I was resolved to tell her anything she wanted to know but was grateful when she didn't ask for details. She didn't need to know how Mallory started off telling me she could make me feel good, the same way adults did when they did the same things the dolls did. How she taught a young boy just starting puberty to masturbate, and later how she came to his room and forced him to touch her while she stroked him to orgasm. How even when he didn't want it and tried to fight it, basic biology still responded to her touch. I'd spent months in counseling to convince me Mallory had taken advantage of me, that I wasn't a sicko who liked to have sex with his stepsister. That she had, in reality, raped me. And subsequently, developed a lifelong issue with trust when it came to women.
"Oh, dear God. Jax.
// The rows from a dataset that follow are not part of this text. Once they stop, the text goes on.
(* Assume $r$ is not a codeword of the GRS code (equivalently $\deg R\ge k$). Let $B\in\mathbb F_q[X]^{(\ell+1)\times(\ell+1)}$ represent a basis $B^{(0)},\dots,B^{(\ell)}$ of $M_{s,\ell}$ such that $BW_\ell$ is in weak Popov form. Let $C^{\mathrm{II}}$ be the $(\ell+2)\times(\ell+2)$ matrix whose first row is $(G^{s+1},0,\dots,0)$ and whose $(i+1)$-th row ($i=0,\dots,\ell$) is the coefficient vector (of length $\ell+2$) of $B^{(i)}(X,Y)(Y-R(X))$. Then $\Delta(C^{\mathrm{II}}W_{\ell+1})=(\ell+1)(\deg R-k+1)\le(\ell+1)(n-k)$.
   Context: Let $\mathbb F_q$ be a finite field, $1\le k<n<q$, $\alpha_0,\dots,\alpha_{n-1}$ distinct nonzero elements of $\mathbb F_q$, $w_0,\dots,w_{n-1}$ nonzero elements of $\mathbb F_q$. The GRS code is $\{(w_0f(\alpha_0),\dots,w_{n-1}f(\alpha_{n-1})): f\in\mathbb F_q[X],\deg f<k\}$. Let $r\in\mathbb F_q^n$, $r_i'=r_i/w_i$, $G=\prod_i(X-\alpha_i)$, and $R$ the unique polynomial of degree $<n$ with $R(\alpha_i)=r_i'$. For positive integers $s\le\ell$, $M_{s,\ell}$ is the $\mathbb F_q[X]$-module of all $Q\in\mathbb F_q[X,Y]$ of $Y$-degree at most $\ell$ such that for each $i$, $Q(X+\alpha_i,Y+r_i')$ has no monomials of total degree less than $s$. A polynomial $\sum_tQ_t(X)Y^t$ has coefficient vector $(Q_0,Q_1,\dots)$; a matrix represents a basis if its rows are the coefficient vectors of the basis elements. $W_\ell=\mathrm{diag}(1,X^{k-1},\dots,X^{\ell(k-1)})$. For $v\in\mathbb F_q[X]^m$, $\deg v=\max_i\deg v_i$, $\mathrm{LP}(v)=\max\{i:\deg v_i=\deg v\}$; a matrix is in weak Popov form if its rows have pairwise different leading positions. For a square matrix $V$ with rows $v_i$, $\deg V=\sum_i\deg v_i$ and $\Delta(V)=\deg V-\deg\det V$. *)

theory Defs
  imports "HOL-Computational_Algebra.Polynomial" "Jordan_Normal_Form.Determinant"
begin

text \<open>Vectors of length n are functions nat => 'a, only the entries i < n matter.
  Bivariate polynomials sum_t Q_t(X) Y^t of Y-degree at most l are represented by
  their coefficient vectors (Q_0,...,Q_l) :: 'a poly vec of dimension l+1.\<close>

definition grs_code :: "nat \<Rightarrow> nat \<Rightarrow> (nat \<Rightarrow> 'a::field) \<Rightarrow> (nat \<Rightarrow> 'a) \<Rightarrow> (nat \<Rightarrow> 'a) set" where
  "grs_code n k alpha w = {c. \<exists>f. degree f < k \<and> (\<forall>i<n. c i = w i * poly f (alpha i))}"

definition rprime :: "(nat \<Rightarrow> 'a::field) \<Rightarrow> (nat \<Rightarrow> 'a) \<Rightarrow> nat \<Rightarrow> 'a" where
  "rprime w r i = r i / w i"

definition Gpoly :: "nat \<Rightarrow> (nat \<Rightarrow> 'a::field) \<Rightarrow> 'a poly" where
  "Gpoly n alpha = (\<Prod>i<n. [:- alpha i, 1:])"

definition Rpoly :: "nat \<Rightarrow> (nat \<Rightarrow> 'a::field) \<Rightarrow> (nat \<Rightarrow> 'a) \<Rightarrow> 'a poly" where
  "Rpoly n alpha r' = (THE R. degree R < n \<and> (\<forall>i<n. poly R (alpha i) = r' i))"

text \<open>Coefficient of X^h Y^j in Q(X+a, Y+b).\<close>
definition shift_coeff :: "'a::field \<Rightarrow> 'a \<Rightarrow> 'a poly vec \<Rightarrow> nat \<Rightarrow> nat \<Rightarrow> 'a" where
  "shift_coeff a b Q h j =
     (\<Sum>t<dim_vec Q. of_nat (t choose j) * b ^ (t - j) * coeff (pcompose (Q $ t) [:a, 1:]) h)"

definition M_module :: "nat \<Rightarrow> (nat \<Rightarrow> 'a::field) \<Rightarrow> (nat \<Rightarrow> 'a) \<Rightarrow> nat \<Rightarrow> nat \<Rightarrow> 'a poly vec set" where
  "M_module n alpha r' s l = {Q. dim_vec Q = l + 1 \<and>
     (\<forall>i<n. \<forall>h j. h + j < s \<longrightarrow> shift_coeff (alpha i) (r' i) Q h j = 0)}"

definition represents_basis :: "'a::field poly mat \<Rightarrow> nat \<Rightarrow> 'a poly vec set \<Rightarrow> bool" where
  "represents_basis B m M \<longleftrightarrow> B \<in> carrier_mat m m \<and> (\<forall>i<m. row B i \<in> M) \<and>
     (\<forall>Q\<in>M. \<exists>!c. c \<in> carrier_vec m \<and> Q = transpose_mat B *\<^sub>v c)"

definition W_mat :: "nat \<Rightarrow> nat \<Rightarrow> 'a::field poly mat" where
  "W_mat k l = mat (l + 1) (l + 1) (\<lambda>(i, j). if i = j then monom 1 (i * (k - 1)) else 0)"

definition vdeg :: "'a::zero poly vec \<Rightarrow> nat" where
  "vdeg v = Max (insert 0 {degree (v $ i) | i. i < dim_vec v \<and> v $ i \<noteq> 0})"

definition LP :: "'a::zero poly vec \<Rightarrow> nat" where
  "LP v = Max {i. i < dim_vec v \<and> v $ i \<noteq> 0 \<and> degree (v $ i) = vdeg v}"

definition weak_popov :: "'a::zero poly mat \<Rightarrow> bool" where
  "weak_popov V \<longleftrightarrow> (\<forall>i<dim_row V. row V i \<noteq> 0\<^sub>v (dim_col V)) \<and>
     (\<forall>i<dim_row V. \<forall>j<dim_row V. i \<noteq> j \<longrightarrow> LP (row V i) \<noteq> LP (row V j))"
lemma dlambda3_square: "(dlambda 3)^2 = 3/8 * sigma 5 1 + 3/8 * sigma 4 2 + 1/4 * sigma 3 3"
proof -
  define x where "x k = 1 / real (2*k+1)^3" for k
  define G where "G p = 3/8 * sigma_term 5 1 p + 3/8 * sigma_term 4 2 p + 1/4 * sigma_term 3 3 p"
    for p
  have G: "(G has_sum 3/8 * sigma 5 1 + 3/8 * sigma 4 2 + 1/4 * sigma 3 3) triangle"
    unfolding G_def by (intro has_sum_add has_sum_cmult_right sigma_has_sum) simp_all
  have pointwise: "x k * x (n-k) = (G (n,k) + G (n,n-k)) / 2" if "k \<le> n" for n k
  proof -
    define m a N where "m = real (2*k+1)" and "a = real (2*(n-k)+1)" and "N = real (n+1)"
    have "x k * x (n-k) = 1/(m^3*a^3)"
      by (simp add: x_def m_def a_def)
    also have "\<dots> = (3/16/(N^5*m) + 3/16/(N^4*m^2) + 1/8/(N^3*m^3))
                     + (3/16/(N^5*a) + 3/16/(N^4*a^2) + 1/8/(N^3*a^3))"
      using that by (intro cube_product_partial_fractions) (simp_all add: m_def a_def N_def)
    also have "\<dots> = (G (n,k) + G (n,n-k)) / 2"
      by (simp add: G_def sigma_term_def m_def a_def N_def)
    finally show ?thesis .
  qed
  have convolution: "(\<Sum>k\<le>n. x k * x (n-k)) = (\<Sum>k\<le>n. G (n,k))" for n
  proof -
    have "(\<Sum>k\<le>n. x k * x (n-k)) = (\<Sum>k\<le>n. (G (n,k) + G (n,n-k)) / 2)"
      by (rule sum.cong) (simp_all add: pointwise)
    also have "\<dots> = ((\<Sum>k\<le>n. G (n,k)) + (\<Sum>k\<le>n. G (n,n-k))) / 2"
      by (simp only: sum_divide_distrib[symmetric] sum.distrib)
    also have "(\<Sum>k\<le>n. G (n,n-k)) = (\<Sum>k\<le>n. G (n,k))"
      by (rule sum_atMost_reflect)
    finally show ?thesis by simp
  qed
  have "dlambda 3 = (\<Sum>k. x k)"
    using has_sum_dlambda[of 3] by (simp add: x_def sums_unique has_sum_imp_sums)
  moreover have "summable (\<lambda>k. norm (x k))"
    using summable_odd_inverse_power[of 3] by (simp add: x_def)
  ultimately have "(dlambda 3)^2 = (\<Sum>n. \<Sum>k\<le>n. x k * x (n-k))"
    by (simp add: power2_eq_square Cauchy_product)
  also have "\<dots> = infsum G triangle"
    using sums_triangle_rows[OF has_sum_imp_summable[OF G]] by (simp add: convolution sums_iff)
  finally show ?thesis using G by (simp add: infsumI)
qed

theorem mainTheorem19:
  shows "sigma 3 3 + 3 * sigma 2 4 = 15 * dlambda 6 - 8 * (dlambda 3)^2"
  using dlambda3_square weight_six_sigma_sum by linarith

end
I don't know what to say." She curled into a ball on my lap and wrapped her arms around me, squeezing hard while burying her face against my chest so tight I couldn't see how she could breathe. I leaned back against the couch, bringing her with me. We could have sat like that for minutes or hours. Time lost meaning. I knew she was grieving for the little boy I used to be and offering comfort; and me soaking it up like a dry sponge on behalf of the boy who couldn't.
Without lifting her head, she finally spoke. "I'm sorry, Jax. It makes me sick and sad all that happened to you as a child."
"I survived."
She lifted her head. "But childhood isn't meant to be survived. It's meant to be cherished and to have fun and feel safe in exploring the world around you. It makes me realize how good I had it, and how I haven't appreciated it."
I held her face in my hands. "I'm glad you didn't know any different, sweetheart. And despite everything, I'm luckier than many. I had a mom who sacrificed everything to keep me safe once she found out the truth, even though it broke her heart in many ways."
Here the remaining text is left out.